The input is a set of whole genome sequencing reads, the more coverage the better. The method is designed to process big datasets, don't hesitate to pull all single-end/pair-end libraries together.

The workflow is automatic, but it's not fool-proof. It requires some decisions. Use this tool joinlty with GenomeScope. The tutorials on our wiki are currently outdated (build for version 0.2.5), and will be updated by 18th of October.

Smudgeplot generates two plots, one with coloration on a log scale and the other on a linear scale. The legend indicates approximate kmer pairs per tile densities. Note that a single polymorphism generates multiple heterozygous kmers. As such, the reported numbers do not directly correspond to the number of variants. Instead, the actual number is approximately 1/k times the reported numbers, where k is the kmer size (in summary already recalculated). It's important to note that this process does not exhaustively attempt to find all of the heterozygous kmers from the genome. Instead, only a sufficient sample is obtained in order to identify relative genome structure. You can also report the minimal number of loci that are heterozygous if the inference is correct.

GenomeScope

You can feed the kmer coverage histogram to GenomeScope. (Either run the genomescope script or use the web server)

Rscript genomescope.R kmcdb_k21.hist <k-mer_length> <read_length> <output_dir> [kmer_max] [verbose]

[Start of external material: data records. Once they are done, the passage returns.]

(* Let $f,g:\mathbb{R}\to\mathbb{R}$ be $\mathcal{C}^2$ functions such that $f''(u)\ge c_0$ and $g''(u)\ge c_0$ for some $c_0>0$ and all $u\in\mathbb{R}$, and $f(u)>g(u)$ for all $u\in\mathbb{R}$. Let $u^-<u^+$ be real numbers (an upward jump) and $\theta^-,\theta^+\in\{0,1\}$, and let $$\lambda=\frac{[\theta^+f(u^+)+(1-\theta^+)g(u^+)]-[\theta^-f(u^-)+(1-\theta^-)g(u^-)]}{u^+-u^-}$$ be the Rankine–Hugoniot speed. Then the Lax admissibility conditions $$\theta^+f'(u^+)+(1-\theta^+)g'(u^+)\;\le\;\lambda\;\le\;\theta^-f'(u^-)+(1-\theta^-)g'(u^-)$$ are violated, i.e. at least one of these two inequalities fails.
   Context: This concerns jumps of weak solutions of the conservation law $u_t+[\theta(u_x)f(u)+(1-\theta(u_x))g(u)]_x=0$, where $\theta(s)=1$ for $s>0$ and $\theta(s)=0$ for $s<0$. A jump connects a left state $(u^-,\theta^-)$ to a right state $(u^+,\theta^+)$, traveling with the Rankine–Hugoniot speed $\lambda$ given in the claim. *)

theory Defs
  imports "HOL-Analysis.Analysis"
begin

end

theory Submission
  imports Defs
begin

text \<open>
  Write \<open>h\<^sub>\<theta> = \<theta> f + (1 - \<theta>) g\<close>. Only strict convexity of \<open>f\<close> and \<open>g\<close> matters: a
  secant slope of a function with strictly increasing derivative lies strictly between the
  derivatives at its endpoints. If \<open>\<theta>\<^sup>- = \<theta>\<^sup>+\<close> this already gives \<open>\<lambda> < h\<^sub>\<theta>'(u\<^sup>+)\<close>.
  If the phase changes, \<open>f > g\<close> moves \<open>\<lambda>\<close> past the secant slope of \<open>g\<close>: for
  \<open>\<theta>\<^sup>- = 1, \<theta>\<^sup>+ = 0\<close> it gets smaller, so \<open>\<lambda> < g'(u\<^sup>+)\<close>; for \<open>\<theta>\<^sup>- = 0, \<theta>\<^sup>+ = 1\<close> it gets
  larger, so \<open>\<lambda> > g'(u\<^sup>-)\<close>.
\<close>

lemma strict_mono_of_deriv_pos:
  fixes h h' :: "real \<Rightarrow> real"
  assumes "\<And>u. (h has_real_derivative h' u) (at u)"
    and "\<And>u. h' u > 0"
  shows "strict_mono h"
  using DERIV_pos_imp_increasing assms by (blast intro: strict_monoI)

lemma deriv_lt_secant_slope_lt_deriv:
  fixes h h' :: "real \<Rightarrow> real"
  assumes deriv: "\<And>u. (h has_real_derivative h' u) (at u)"
    and mono: "strict_mono h'"
    and "a < b"
  shows "h' a < (h b - h a) / (b - a)" and "(h b - h a) / (b - a) < h' b"
proof -
  obtain z where "a < z" "z < b" and z: "h b - h a = (b - a) * h' z"
    using MVT2[OF \<open>a < b\<close>] deriv by blast
  then have "(h b - h a) / (b - a) = h' z"
    by simp
  with \<open>a < z\<close> \<open>z < b\<close> mono show "h' a < (h b - h a) / (b - a)" "(h b - h a) / (b - a) < h' b"
    by (simp_all add: strict_mono_less)
qed

theorem lemma2p1:
  fixes f f' f'' g g' g'' :: "real \<Rightarrow> real" and c0 um up thetam thetap :: real
  assumes f1: "\<And>u. (f has_real_derivative f' u) (at u)"
    and f2: "\<And>u. (f' has_real_derivative f'' u) (at u)"
    and f2c: "continuous_on UNIV f''"
    and g1: "\<And>u. (g has_real_derivative g' u) (at u)"
    and g2: "\<And>u. (g' has_real_derivative g'' u) (at u)"
    and g2c: "continuous_on UNIV g''"
    and c0: "c0 > 0"
    and fc: "\<And>u. f'' u \<ge> c0"
    and gc: "\<And>u. g'' u \<ge> c0"
    and fg: "\<And>u. f u > g u"
    and jump: "um < up"
    and thetam: "thetam \<in> {0, 1}"
    and thetap: "thetap \<in> {0, 1}"
  shows "let lam = ((thetap * f up + (1 - thetap) * g up) - (thetam * f um + (1 - thetam) * g um)) / (up - um)
         in \<not> (thetap * f' up + (1 - thetap) * g' up \<le> lam \<and> lam \<le> thetam * f' um + (1 - thetam) * g' um)"
proof -
  have "strict_mono f'" "strict_mono g'"
    using strict_mono_of_deriv_pos c0 fc gc f2 g2 by (meson less_le_trans)+
  note f_slope = deriv_lt_secant_slope_lt_deriv[OF f1 \<open>strict_mono f'\<close> jump]
  note g_slope = deriv_lt_secant_slope_lt_deriv[OF g1 \<open>strict_mono g'\<close> jump]
  have "(g up - f um) / (up - um) < (g up - g um) / (up - um)"
    using fg[of um] jump by (simp add: divide_strict_right_mono)
  moreover have "(g up - g um) / (up - um) < (f up - g um) / (up - um)"
    using fg[of up] jump by (simp add: divide_strict_right_mono)
  ultimately show ?thesis
    using thetam thetap f_slope g_slope by (auto simp: Let_def)
qed

end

This script estimates the size, heterozygosity, and repetitive fraction of the genome. By inspecting the fitted model you can determine the location of the smallest peak after the error tail. Then, you can decide the low end cutoff below which all kmers will be discarded as errors (cca 0.5 times the haploid kmer coverage), and the high end cutoff above which all kmers will be discarded (cca 8.5 times the haploid kmer coverage).

Frequently Asked Questions

Are collected on our wiki. Smudgeplot does not demand much on computational resources, but make sure you check memory requirements before you extract kmer pairs (hetkmers task). If you don't find an answer for your question in FAQ, open an issue or drop us an email.

Check projects to see how the development goes.

Contributions

This is definitely an open project, contributions are welcome. You can check some of the ideas for the future in projects and in the development dev branch. The file playground/DEVELOPMENT.md contains some development notes. The directory playground contains some snippets, attempts, and other items of interest.

Reference

Ranallo-Benavidez, T.R., Jaron, K.S. & Schatz, M.C. GenomeScope 2.0 and Smudgeplot for reference-free profiling of polyploid genomes. Nature Communications 11, 1432 (2020). https://doi.org/10.1038/s41467-020-14998-3

Acknowledgements

This blogpost by Myles Harrison has largely inspired the visual output of smudgeplots. The colourblind friendly colour theme was suggested by @ggrimes. Grateful for helpful comments of beta testers and pre-release chatters!